To begin the experiment, fill all polypropylene tubes with 5 mL of 0.1 M hydrochloric acid in order to remove any contaminating trace of iron. Place the tubes in a water bath for 1 h at 50 °C.
After incubation, wash the tubes with 5 mL of deionized water, and dry the tubes in an oven or chemical hood.
In the clean tubes, add 1.8 mL of concentrated nitric acid and 200 μL of sample containing the isotope of interest.
Follow safety precautions when using concentrated acid.
Place the tubes in a water bath overnight. The temperature can be increased to shorten digestion time, if necessary.
After the sample has been digested, let the tubes cool to room temperature.
Next, add 8 mL of deionized water to dilute the samples, and to obtain a nitric acid concentration below 20%. The final dilution of the sample is 1/50. The ideal concentration for ICP is in the parts-per-billion range. Centrifuge the tubes to pellet any remaining macroscopic residues.
ICP is a method of hard ionization that uses coupled argon plasma at about 10,000 °C that is electrically conductive to ionize the sample molecules.
Begin the instrument set up by inspecting the ICP torch to ensure that it is clean.
Then, inspect the sampler and skimmer cones to ensure they are also clean. These cones enable the sampling of only the inner portion of the ion beam generated by the ICP torch and act as a barrier to the high vacuum of the mass spectrometer.
Check the argon pressure and start the chiller. Start the plasma and liquid flow into the system. Wait 20 min for the system to warm up fully.
Next, aspirate a standard test solution, which contains various known elemental standards. The test solution should be selected to cover the expected mass range of the analyte solution.
When the solution flow is established, initialize and test the instrument according to the manufacturer's guidelines.
To run the instrument, first select the elements and isotopes of interest. Then set the scan mode to peak hopping.
Select five replicates per measurement. Set each replicate to contain 40 measurement sweeps, each sweep with a dwell time of 50 ms. The total integration time is 2,000 ms per replicate.
Prepare a calibration curve for the elements of choice by measuring pre-prepared standard solutions.
Finally, run the sample, in this case, iron-oxide nanoparticles. Determine the concentration of iron using the iron calibration curve.
Mass spectrometry is used in a wide range of applications using various ionization and mass analysis techniques.

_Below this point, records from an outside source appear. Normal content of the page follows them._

lemma lookup_times_eq_sum_keys:
  "Poly_Mapping.lookup (f * g) k =
     (\<Sum>(a, b)\<in>Poly_Mapping.keys f \<times> Poly_Mapping.keys g.
        if k = a + b then Poly_Mapping.lookup f a * Poly_Mapping.lookup g b else 0)"
proof -
  have "Poly_Mapping.lookup (f * g) k = prod_fun (Poly_Mapping.lookup f) (Poly_Mapping.lookup g) k"
    by (simp add: lookup_mult prod_fun_def)
  also have "\<dots> = (\<Sum>(a, b). Poly_Mapping.lookup f a * Poly_Mapping.lookup g b when k = a + b)"
    by (rule prod_fun_unfold_prod) auto
  also have "\<dots> = (\<Sum>(a, b)\<in>Poly_Mapping.keys f \<times> Poly_Mapping.keys g.
                    Poly_Mapping.lookup f a * Poly_Mapping.lookup g b when k = a + b)"
    by (rule Sum_any.expand_superset) (auto simp: in_keys_iff when_def split: if_splits)
  finally show ?thesis by (simp add: when_def)
qed

lemma signed_lookup_times:
  "s * t * L_sign k * Poly_Mapping.lookup (P * Q) k =
     (\<Sum>(a, b)\<in>Poly_Mapping.keys P \<times> Poly_Mapping.keys Q.
        if k = a + b
        then (s * L_sign a * Poly_Mapping.lookup P a) * (t * L_sign b * Poly_Mapping.lookup Q b)
        else 0)"
  unfolding lookup_times_eq_sum_keys sum_distrib_left
  by (rule sum.cong) (auto simp: L_sign_add algebra_simps)

lemma sign_coherent_times:
  assumes "sign_coherent s P" "sign_coherent t Q"
  shows "sign_coherent (s * t) (P * Q)"
  using assms unfolding sign_coherent_def signed_lookup_times
  by (auto intro!: sum_nonneg mult_nonneg_nonneg)

lemma keys_times_sign_coherent:
  assumes "sign_coherent s P" "sign_coherent t Q" "s \<noteq> 0" "t \<noteq> 0"
    and "a \<in> Poly_Mapping.keys P" "b \<in> Poly_Mapping.keys Q"
  shows "a + b \<in> Poly_Mapping.keys (P * Q)"
proof -
  have pos: "0 < s * L_sign a * Poly_Mapping.lookup P a" "0 < t * L_sign b * Poly_Mapping.lookup Q b"
    using assms L_sign_nonzero unfolding sign_coherent_def
    by (metis in_keys_iff less_le mult_eq_0_iff)+
  have "0 < s * t * L_sign (a + b) * Poly_Mapping.lookup (P * Q) (a + b)"
    unfolding signed_lookup_times
  proof (rule sum_pos2)
    show "(a, b) \<in> Poly_Mapping.keys P \<times> Poly_Mapping.keys Q"
      using assms by simp
  qed (use pos assms(1,2) in \<open>auto simp: sign_coherent_def intro: mult_nonneg_nonneg\<close>)
  then show ?thesis
    by (auto simp: in_keys_iff)
qed
lemma logistic_solution_consensus_dynamics:
  assumes sol: "is_logistic_solution N \<phi> x w"
    and phi_range: "\<And>r. r \<in> {-2..2} \<Longrightarrow> \<phi> r \<in> {0..1}"
  shows "consensus_dynamics N x (influence N \<phi> x w)"
proof -
  have deg: "1 \<le> degree N (w t) i" if "0 \<le> t" "i < N" for t i
    by (rule logistic_solution_degree_ge_one[OF sol that])
  have weight: "w t i j \<in> {0..1}" and phi: "\<phi> (x t j - x t i) \<in> {0..1}"
    if "0 \<le> t" "i < N" "j < N" for t i j
    using logistic_solution_weight_range[OF sol that] phi_range[OF logistic_solution_opinion_diff[OF sol that]]
    by auto
  have "((\<lambda>s. x s i) has_real_derivative consensus_drift N x (influence N \<phi> x w) t i)
      (at t within {0..})" if "0 \<le> t" "i < N" for t i
  proof -
    have "(1 / degree N (w t) i) * (\<Sum>j\<in>{..<N} - {i}. w t i j * \<phi> (x t j - x t i) * (x t j - x t i))
        = consensus_drift N x (influence N \<phi> x w) t i"
      unfolding consensus_drift_def influence_def sum_distrib_left by (intro sum.cong) auto
    then show ?thesis using logistic_solution_opinion_deriv[OF sol that] by simp
  qed
  moreover have "0 \<le> influence N \<phi> x w t i j" if "0 \<le> t" "i < N" "j < N" for t i j
    unfolding influence_def using weight[OF that] phi[OF that] deg[OF that(1,2)] by simp
  moreover have "(\<Sum>j\<in>{..<N} - {i}. influence N \<phi> x w t i j) \<le> 1" if "0 \<le> t" "i < N" for t i
  proof -
    have "(\<Sum>j\<in>{..<N} - {i}. influence N \<phi> x w t i j) \<le> (\<Sum>j\<in>{..<N} - {i}. w t i j / degree N (w t) i)"
      unfolding influence_def using weight[OF that] phi[OF that] deg[OF that]
      by (intro sum_mono divide_right_mono mult_right_le_one_le) auto
    also have "\<dots> = (degree N (w t) i - 1) / degree N (w t) i"
      unfolding sum_divide_distrib[symmetric] logistic_solution_degree_eq[OF sol that] by simp
    also have "\<dots> \<le> 1" using deg[OF that] by simp
    finally show ?thesis .
  qed
  ultimately show ?thesis unfolding consensus_dynamics_def by blast
qed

In this example, a type of soft ionization mass spectrometry, called matrix assisted laser desorption ionization time-of-flight, or MALDI-TOF, was used to analyze high molecular weight proteins. With MALDI, molecules are stabilized with a matrix, to decrease fractionation when the large molecules are ionized.
The protein solution and matrix were both spotted on the clean MALDI plate, and dried. The MALDI plate was inserted into the instrument, and the sample analyzed.
The analysis of volatile and oxidation sensitive compounds was measured using electron ionization mass spectrometry, a hard ionization technique.
First, a lockable tube system was designed in order to enable full evacuation of the tube, followed by loading of the sample under cooling by liquid nitrogen.
The sample tube was connected to the inlet port, and the sample loaded into the instrument. The mass spectrum of the sample in this case tris(trifluoromethyl) phosphate, was then analyzed.
A molecular beam mass spectrometer coupled with synchrotron radiation was used to explore the electronic structure of gas phase molecules and clusters.
The molecular beam, integrated with synchrotron radiation, provided a selective ionization method to probe molecules in the gas phase.
The sample was loaded into the nozzle, the nozzle reloaded into the instrument, and the photon beam allowed to enter the chamber.
The mass spectrum was then collected and compared to photoionization efficiency data in order to determine the electronic structure of molecules.
You've just watched JoVE's introduction to mass spectrometry. You should now understand the basic instrumentation of mass spectrometry, and how to run a basic mass-spectrometry-based analysis.